Concepts

Language coverage

The 14 languages prom.codes parses today, the file extensions each one claims, and the measured retrieval quality behind them.

prom.codes does not chunk source by line windows. Every supported language is parsed with Tree-sitter into a real syntax tree, chunked along symbol boundaries (function, class, method, interface), and linked through a reference graph. That is why a query lands on a symbol, not a paragraph that happens to mention the right word.

Supported languages

The indexer ships 14 language IDs today. Detection is by file extension; unknown code extensions are skipped, not guessed. Documentation and curated config files are handled separately — see Beyond code: prose & config below.

Language	Extensions
TypeScript	`.ts` `.mts` `.cts`
TSX	`.tsx`
JavaScript	`.js` `.mjs` `.cjs` `.jsx`
Python	`.py` `.pyi`
PHP	`.php`
Go	`.go`
Rust	`.rs`
Java	`.java`
C#	`.cs`
C	`.c` `.h`
C++	`.cpp` `.cxx` `.cc` `.hpp` `.hxx` `.hh`
Ruby	`.rb` `.rake` `.gemspec`
Kotlin	`.kt` `.kts`
HTML	`.html` `.htm`

Each language has both a symbol extractor (definitions, exports, properties) and a reference extractor (imports, calls, member access). The reference graph is what powers find_callers, find_callees, and the 1-hop context expansion around a hit.

Measured retrieval quality

We do not claim parity by assertion. Every non-trivial language is validated with the same self-index engine-lift harness — index a real OSS repo, synthesise queries from its own doc comments, and measure ranking quality against held-out gold targets with our production retrieval stack.

The headline metric is NDCG@10 for the pre-graph ranking (the surface an agent sees before graph expansion). Higher is better; 1.0 is a perfect ranking.

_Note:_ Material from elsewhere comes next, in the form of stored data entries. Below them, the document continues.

lemma circle_double_arctan:
  fixes c B :: complex
  shows "range (\<lambda>t. c - B * cis (2 * arctan t)) \<union> {c + B} = sphere c (cmod B)"
proof
  show "range (\<lambda>t. c - B * cis (2 * arctan t)) \<union> {c + B} \<subseteq> sphere c (cmod B)"
    by (auto simp: dist_norm norm_mult)
  show "sphere c (cmod B) \<subseteq> range (\<lambda>t. c - B * cis (2 * arctan t)) \<union> {c + B}"
  proof
    fix w
    assume w: "w \<in> sphere c (cmod B)"
    show "w \<in> range (\<lambda>t. c - B * cis (2 * arctan t)) \<union> {c + B}"
    proof (cases "w = c + B")
      case False
      with w have B: "B \<noteq> 0"
        by auto
      define e where "e = (c - w) / B"
      have e: "cmod e = 1"
        using w B by (simp add: e_def dist_norm norm_divide)
      then have "e \<noteq> 0"
        by auto
      with e have cis_Arg_e: "cis (Arg e) = e"
        by (simp add: cis_Arg sgn_div_norm)
      moreover have "e \<noteq> -1"
        using False B by (auto simp: e_def field_simps)
      ultimately have "Arg e \<noteq> pi"
        by auto
      then have "arctan (tan (Arg e / 2)) = Arg e / 2"
        using Arg_bounded[of e] by (intro arctan_tan) auto
      then have "2 * arctan (tan (Arg e / 2)) = Arg e"
        by simp
      then have "c - B * cis (2 * arctan (tan (Arg e / 2))) = c - B * e"
        using cis_Arg_e by simp
      also have "c - B * e = w"
        using B by (simp add: e_def)
      finally show ?thesis
        by blast
    qed simp
  qed
qed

Language	Corpus repo	NDCG@10
C	wren	0.963
Go	gorilla/mux	0.924
Ruby	rack	0.921
TypeScript	prom.codes internal	0.910
Rust	serde/json	0.882
Kotlin	okhttp	0.872
C++	leveldb	0.835
C#	Newtonsoft.Json	0.832
Python	pydantic	0.831
Java	gson	0.827

Why the graph matters

Switching from hybrid-no-graph to hybrid-full trades a little top-of-list precision for a real jump in recall, consistently across every language we measured. For Ruby, Recall@100 climbs from 0.900 to 0.976; for Kotlin, from 0.774 to 0.874. That recall lift only appears if the reference extractor joins calls to their definitions correctly — so the lift doubles as a correctness signal for each new language we add.

Beyond code: prose & config

A codebase is more than its source. READMEs, ADRs, specs and a handful of key config files (package.json, tsconfig.json, docker-compose.yml, pyproject.toml …) answer questions an agent asks constantly — "how is this configured?", "where is this documented?". Tree-sitter does not help here, so these files travel a separate grammar-less document path: pure-string extractors, no parser.

The hard part is not indexing everything. Naively swallowing every .json — lockfiles, fixtures, generated blobs — floods the corpus with distractors and measurably lowers retrieval quality for the actual code. So the document path is deliberately selective, in three tiers:

Tier	What	How it is chunked	Default
1 — Prose	Markdown (`.md` `.mdx` `.markdown`), Text (`.txt`)	Markdown along headings (`#…` + Setext); text as one whole-file unit	on
2 — Config	JSON / YAML / TOML	along the top-level key/section path — only for basenames on a curated allowlist	on (allowlist-gated)
3 — Guards	everything above	a size cap (1 MiB) and a minification heuristic reject generated/minified blobs before extraction	always

Two outcomes follow from this. A non-code file always yields one document unit, so it is retrievable as a whole even when it has no internal structure; richer files additionally yield section units (a Markdown heading block, a config key or table). And because config is allowlist-gated rather than extension-gated, the high-signal files land in the corpus while the noise stays out — the code numbers above are protected, not diluted.

Not yet supported

Swift is deliberately deferred. Its current Tree-sitter grammar targets a newer ABI (15) than our pinned runtime, so wiring it in safely needs a tree-sitter@0.22+ upgrade first. We would rather ship it on a stable runtime than rush a fragile binding.

If you need a language that is not on the list, the per-language cost is small (a symbol extractor and a reference extractor that mirror the existing ones) — tell us which one and we will benchmark it.